Al día siguiente muy oportuna una gran familia de monos vino a llamar literalmente a nuestra ventana. Estaba en unas ramas que pegaban a nuestra habitación. Les dimos comida y pasamos el tiempo observándoles, aprovechando el lujo tenerlos justo al otro lado del cristal. No parece que estemos muy lejos de ellos. Seguramente era antes de ayer cuando nosotros también nos desplazábamos a cuatro patas, cuando aún no habíamos erguido nuestra columna vertebral y pasábamos las horas muertas quitándonos unos a otros las pulgas y dábamos de mamar de esos pechos tan flácidos…

Lujo de Bombay

Disfrutamos en el “Lotus House” de Brahma Kumaris de la última comida india. Apuramos hasta el último bocado a sabiendas de que no tardaríamos de echar en falta tan sencillos, como deliciosos mangares. Después comienza el largo peregrinaje por los aeropuertos de Ahmedabab, Bombay y Munich y sus agotadores controles. El lujo del nuevo aeropuerto de Bombay, nos da un último zarpazo en nuestra mirada a medias asombrada e indignada. El pesado avión de Luftansa despega y apunto en el cuaderno: “Dicen que allí abajo, en medio de todas esas luces duermen más de 25 millones de habitantes. Privilegio de altura que borra toda la sordidez y penuria. Esta vez sólo estamos de paso en Bombay. No hemos de taparnos los oídos y la boca a la carrera por sus ensordecedoras calles.”

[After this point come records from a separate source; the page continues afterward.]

lemma perspective_configuration_collinear:
  fixes X Y r a b c e d1 d2 d3 d4 l m :: "real^3"
  assumes X: "X \<bullet> d1 = 0" "X \<bullet> d3 = 0" and Y: "Y \<bullet> d2 = 0" "Y \<bullet> d4 = 0"
    and r: "r \<bullet> (X \<times> Y) = 0" "r \<bullet> l = 0" "r \<bullet> m = 0"
    and a: "a \<bullet> l = 0" "a \<bullet> d1 = 0" and b: "b \<bullet> l = 0" "b \<bullet> d2 = 0"
    and c: "c \<bullet> m = 0" "c \<bullet> d3 = 0" and e: "e \<bullet> m = 0" "e \<bullet> d4 = 0"
    and U: "d1 \<times> d2 \<noteq> 0" and V: "d3 \<times> d4 \<noteq> 0" and ab: "a \<times> b \<noteq> 0"
    and nonzero: "X \<noteq> 0" "X \<times> Y \<noteq> 0" "r \<noteq> 0" "l \<noteq> 0" "m \<noteq> 0"
    and collinear: "(d1 \<times> d2) \<bullet> (a \<times> b) = 0"
  shows "((a \<times> c) \<times> (b \<times> e)) \<bullet> ((d1 \<times> d2) \<times> (d3 \<times> d4)) = 0"
proof -
  consider "l \<times> d1 = 0" | "l \<times> d2 = 0"
    using line_through_meet_cases collinear a b U ab nonzero(4) by blast
  then show ?thesis
  proof cases
    case 1
    then show ?thesis
      using perspective_configuration_degenerate X Y r a(2) b c e U V nonzero by blast
  next
    case 2
    \<comment> \<open>exchange the roles of d1, X, a, c and d2, Y, b, e\<close>
    have "r \<bullet> (Y \<times> X) = 0" "Y \<noteq> 0" "Y \<times> X \<noteq> 0"
      using r(1) nonzero(2) cross_skew[of Y X] by auto
    moreover have "((b \<times> e) \<times> (a \<times> c)) \<bullet> ((d2 \<times> d1) \<times> (d4 \<times> d3))
        = - (((a \<times> c) \<times> (b \<times> e)) \<bullet> ((d1 \<times> d2) \<times> (d3 \<times> d4)))"
      using cross_skew[of "b \<times> e" "a \<times> c"] cross_skew[of d2 d1] cross_skew[of d4 d3] by simp
    ultimately show ?thesis
      using perspective_configuration_degenerate[of Y d2 d4 X d1 d3 r l m b a e c] 2
        X Y r(2,3) a b c e U V nonzero(3-5)
      by (simp add: cross_eq_0_commute[of d2 d1] cross_eq_0_commute[of d4 d3])
  qed
qed

lemma perspective_configuration_nondegenerate:
  fixes X Y r a b c e d1 d2 d3 d4 l m :: "real^3"
  assumes X: "X \<bullet> d1 = 0" "X \<bullet> d3 = 0" and Y: "Y \<bullet> d2 = 0" "Y \<bullet> d4 = 0"
    and r: "r \<bullet> (X \<times> Y) = 0" "r \<bullet> l = 0" "r \<bullet> m = 0"
    and a: "a \<bullet> l = 0" "a \<bullet> d1 = 0" and b: "b \<bullet> l = 0" "b \<bullet> d2 = 0"
    and c: "c \<bullet> m = 0" "c \<bullet> d3 = 0" and e: "e \<bullet> m = 0" "e \<bullet> d4 = 0"
    and U: "d1 \<times> d2 \<noteq> 0" and V: "d3 \<times> d4 \<noteq> 0"
    and nonzero: "X \<noteq> 0" "X \<times> Y \<noteq> 0" "r \<noteq> 0" "l \<noteq> 0" "m \<noteq> 0"
    and triangles: "(d1 \<times> d2) \<bullet> (a \<times> b) \<noteq> 0" "(d3 \<times> d4) \<bullet> (c \<times> e) \<noteq> 0"
  shows "((a \<times> c) \<times> (b \<times> e)) \<bullet> ((d1 \<times> d2) \<times> (d3 \<times> d4)) = 0"
proof -
  define U V where "U = d1 \<times> d2" and "V = d3 \<times> d4"
  have on_UV: "U \<bullet> d1 = 0" "U \<bullet> d2 = 0" "V \<bullet> d3 = 0" "V \<bullet> d4 = 0"
    by (simp_all add: U_def V_def dot_cross_self inner_commute)
  have "d1 \<noteq> 0" "d2 \<noteq> 0" "d3 \<noteq> 0" "d4 \<noteq> 0" "Y \<noteq> 0"
    using U V nonzero(2) by auto
  \<comment> \<open>the sides of the triangles U a b and V c e meet in X, Y and r\<close>
  obtain t1 t2 t3 t4 where
    "U \<times> a = t1 *\<^sub>R d1" "V \<times> c = t2 *\<^sub>R d3" "U \<times> b = t3 *\<^sub>R d2" "V \<times> e = t4 *\<^sub>R d4"
    using cross_scaleR_if_orthogonal on_UV a(2) b(2) c(2) e(2)
      \<open>d1 \<noteq> 0\<close> \<open>d2 \<noteq> 0\<close> \<open>d3 \<noteq> 0\<close> \<open>d4 \<noteq> 0\<close> by metis
  moreover obtain t5 t6 where "a \<times> b = t5 *\<^sub>R l" "c \<times> e = t6 *\<^sub>R m"
    using cross_scaleR_if_orthogonal a(1) b(1) c(1) e(1) nonzero(4,5) by metis
  moreover obtain k1 k2 k3 where "d1 \<times> d3 = k1 *\<^sub>R X" "d2 \<times> d4 = k2 *\<^sub>R Y" "l \<times> m = k3 *\<^sub>R r"
    using cross_scaleR_if_orthogonal X Y r(2,3) nonzero(1,3) \<open>Y \<noteq> 0\<close>
    by (metis inner_commute)
  moreover have "X \<bullet> (Y \<times> r) = 0"
    using r(1) by (metis cross_triple inner_commute)
  ultimately have "((U \<times> a) \<times> (V \<times> c)) \<bullet> (((U \<times> b) \<times> (V \<times> e)) \<times> ((a \<times> b) \<times> (c \<times> e))) = 0"
    by (simp add: cross_mult_left cross_mult_right)
  then have "(U \<times> V) \<bullet> ((a \<times> c) \<times> (b \<times> e)) = 0"
    using desargues[of U a b V c e] triangles by (simp add: U_def V_def)
  then show ?thesis
    by (simp add: U_def V_def inner_commute)
qed

lemma perspective_configuration:
  fixes X Y r a b c e d1 d2 d3 d4 l m :: "real^3"
  assumes X: "X \<bullet> d1 = 0" "X \<bullet> d3 = 0" and Y: "Y \<bullet> d2 = 0" "Y \<bullet> d4 = 0"
    and r: "r \<bullet> (X \<times> Y) = 0" "r \<bullet> l = 0" "r \<bullet> m = 0"
    and a: "a \<bullet> l = 0" "a \<bullet> d1 = 0" and b: "b \<bullet> l = 0" "b \<bullet> d2 = 0"
    and c: "c \<bullet> m = 0" "c \<bullet> d3 = 0" and e: "e \<bullet> m = 0" "e \<bullet> d4 = 0"
    and U: "d1 \<times> d2 \<noteq> 0" and V: "d3 \<times> d4 \<noteq> 0" and ab: "a \<times> b \<noteq> 0" and ce: "c \<times> e \<noteq> 0"
    and nonzero: "X \<noteq> 0" "X \<times> Y \<noteq> 0" "r \<noteq> 0" "l \<noteq> 0" "m \<noteq> 0"
  shows "((a \<times> c) \<times> (b \<times> e)) \<bullet> ((d1 \<times> d2) \<times> (d3 \<times> d4)) = 0"
proof (cases "(d1 \<times> d2) \<bullet> (a \<times> b) = 0")
  case True
  then show ?thesis
    using perspective_configuration_collinear assms by blast
next
  case False
  show ?thesis
  proof (cases "(d3 \<times> d4) \<bullet> (c \<times> e) = 0")
    case True
    \<comment> \<open>exchange the roles of the two triangles\<close>
    have "((c \<times> a) \<times> (e \<times> b)) \<bullet> ((d3 \<times> d4) \<times> (d1 \<times> d2))
        = - (((a \<times> c) \<times> (b \<times> e)) \<bullet> ((d1 \<times> d2) \<times> (d3 \<times> d4)))"
      using cross_skew[of c a] cross_skew[of e b] cross_skew[of "d3 \<times> d4" "d1 \<times> d2"] by simp
    then show ?thesis
      using perspective_configuration_collinear[of X d3 d1 Y d4 d2 r m l c e a b] True
        X Y r a b c e U V ce nonzero by simp
  next
    case False
    then show ?thesis
      using perspective_configuration_nondegenerate X Y r a b c e U V nonzero
        \<open>(d1 \<times> d2) \<bullet> (a \<times> b) \<noteq> 0\<close> by blast
  qed
qed

lemma Tk_cross: "Tk k P i = (P i \<times> P (i + k)) \<times> (P (Suc i) \<times> P (Suc i + k))"
  by (simp add: Tk_def meet_def join_def)

lemma join_Tk:
  "join (Tk k P i) (Tk k P (Suc i))
    = ((P i \<times> P (i + k)) \<bullet> ((P (Suc i) \<times> P (Suc i + k)) \<times> (P (Suc (Suc i)) \<times> P (Suc (Suc i) + k))))
      *\<^sub>R (P (Suc i) \<times> P (Suc i + k))"
  unfolding join_def Tk_cross cross_cross_shared ..

lemma inscribed_Tk_iff:
  assumes "\<And>i. join (Tk k P i) (Tk k P (Suc i)) \<noteq> 0"
  shows "inscribed R (Tk k P) \<longleftrightarrow> (\<forall>i. incident (R i) (join (P (Suc i)) (P (Suc i + k))))"
  using assms unfolding inscribed_def incident_def join_Tk by (simp add: join_def)

lemma generic_Tk: "generic k P \<Longrightarrow> generic k (Tk k P)"
  unfolding generic_def by (metis funpow_Suc_right o_apply)

lemma generic_funpow_Tk: "generic k P \<Longrightarrow> generic k ((Tk k ^^ m) P)"
  by (induction m) (simp_all add: generic_Tk)

lemma generic_nonzero:
  assumes "generic k P"
  shows "P i \<noteq> 0" "join (P i) (P (Suc i)) \<noteq> 0"
  using assms unfolding generic_def by (metis funpow_0)+

lemma Tk_Tk_on_diagonal:
  assumes P: "generic k P" and Q: "generic k Q" and QP: "inscribed Q P"
    and TQP: "\<And>j. incident (Tk k Q j) (join (P (Suc j)) (P (Suc j + k)))"
  shows "incident (Tk k (Tk k Q) i) (join (Tk k P (Suc i)) (Tk k P (Suc i + k)))"
proof -
  note TP = generic_nonzero[OF generic_Tk[OF P]] and TQ = generic_nonzero[OF generic_Tk[OF Q]]
  define a b c e where "a = Tk k Q i" and "b = Tk k Q (Suc i)" and "c = Tk k Q (i + k)"
    and "e = Tk k Q (Suc i + k)"
  define l m where "l = Q (Suc i) \<times> Q (Suc i + k)" and "m = Q (Suc i + k) \<times> Q (Suc i + k + k)"
  define d1 d2 d3 d4 where "d1 = P (Suc i) \<times> P (Suc i + k)"
    and "d2 = P (Suc (Suc i)) \<times> P (Suc (Suc i) + k)" and "d3 = P (Suc i + k) \<times> P (Suc i + k + k)"
    and "d4 = P (Suc (Suc i + k)) \<times> P (Suc (Suc i + k) + k)"
  have abce: "a = (Q i \<times> Q (i + k)) \<times> l" "b = l \<times> (Q (Suc (Suc i)) \<times> Q (Suc (Suc i) + k))"
    "c = (Q (i + k) \<times> Q (i + k + k)) \<times> m" "e = m \<times> (Q (Suc (Suc i + k)) \<times> Q (Suc (Suc i + k) + k))"
    unfolding a_def b_def c_def e_def l_def m_def Tk_cross by simp_all
  have "((a \<times> c) \<times> (b \<times> e)) \<bullet> ((d1 \<times> d2) \<times> (d3 \<times> d4)) = 0"
  proof (rule perspective_configuration[of "P (Suc i + k)" _ _ "P (Suc (Suc i + k))" _ _ "Q (Suc i + k)" l m])
    show "P (Suc i + k) \<bullet> d1 = 0" "P (Suc i + k) \<bullet> d3 = 0"
      "P (Suc (Suc i + k)) \<bullet> d2 = 0" "P (Suc (Suc i + k)) \<bullet> d4 = 0"
      "Q (Suc i + k) \<bullet> l = 0" "Q (Suc i + k) \<bullet> m = 0"
      "a \<bullet> l = 0" "b \<bullet> l = 0" "c \<bullet> m = 0" "e \<bullet> m = 0"
      unfolding d1_def d2_def d3_def d4_def l_def m_def abce by (simp_all add: dot_cross_self)
    show "Q (Suc i + k) \<bullet> (P (Suc i + k) \<times> P (Suc (Suc i + k))) = 0"
      using QP unfolding inscribed_def incident_def join_def by (simp add: inner_commute)
    show "a \<bullet> d1 = 0" "b \<bullet> d2 = 0" "c \<bullet> d3 = 0" "e \<bullet> d4 = 0"
      using TQP[of i] TQP[of "Suc i"] TQP[of "i + k"] TQP[of "Suc i + k"]
      unfolding a_def b_def c_def e_def d1_def d2_def d3_def d4_def incident_def join_def
      by (simp_all add: inner_commute)
    show "d1 \<times> d2 \<noteq> 0" "d3 \<times> d4 \<noteq> 0"
      using TP(1)[of "Suc i"] TP(1)[of "Suc i + k"] unfolding d1_def d2_def d3_def d4_def Tk_cross
      by simp_all
    show "a \<times> b \<noteq> 0" "c \<times> e \<noteq> 0"
      using TQ(2)[of i] TQ(2)[of "i + k"] unfolding a_def b_def c_def e_def join_def by simp_all
    show "P (Suc i + k) \<noteq> 0" "P (Suc i + k) \<times> P (Suc (Suc i + k)) \<noteq> 0" "Q (Suc i + k) \<noteq> 0"
      using generic_nonzero[OF P, of "Suc i + k"] generic_nonzero(1)[OF Q] unfolding join_def
      by simp_all
    show "l \<noteq> 0" "m \<noteq> 0"
      using TQ(1)[of i] TQ(1)[of "i + k"] unfolding a_def[symmetric] c_def[symmetric] abce by auto
  qed
  then show ?thesis
    unfolding a_def b_def c_def e_def d1_def d2_def d3_def d4_def incident_def join_def
      Tk_cross[of k "Tk k Q"] Tk_cross[of k P "Suc i"] Tk_cross[of k P "Suc i + k"]
    by (simp add: inner_commute)
qed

Cuando las azafatas nos pusieron delante esa bandeja llena de los múltiples plásticos y envoltorios conteniendo un comida artificial, echamos en falta esa otra bandeja grande y diáfana con ese sencillo arroz con dhal que nos ha mantuvo fuertes a lo largo de todos los días. En mitad de todos los aprendizajes, no son pocos los que se refieren a la necesidad de tomar nota de esa cocina india tan sabrosa, como completa, sencilla y sana.

Aterrizamos en el frío occidente. Desde el avión, la sierra de Madrid exhibe su blanco amenazante. No hay vuelta para atrás. Hay que buscar guantes y bufanda; hay que desembarcar necesariamente en este invierno.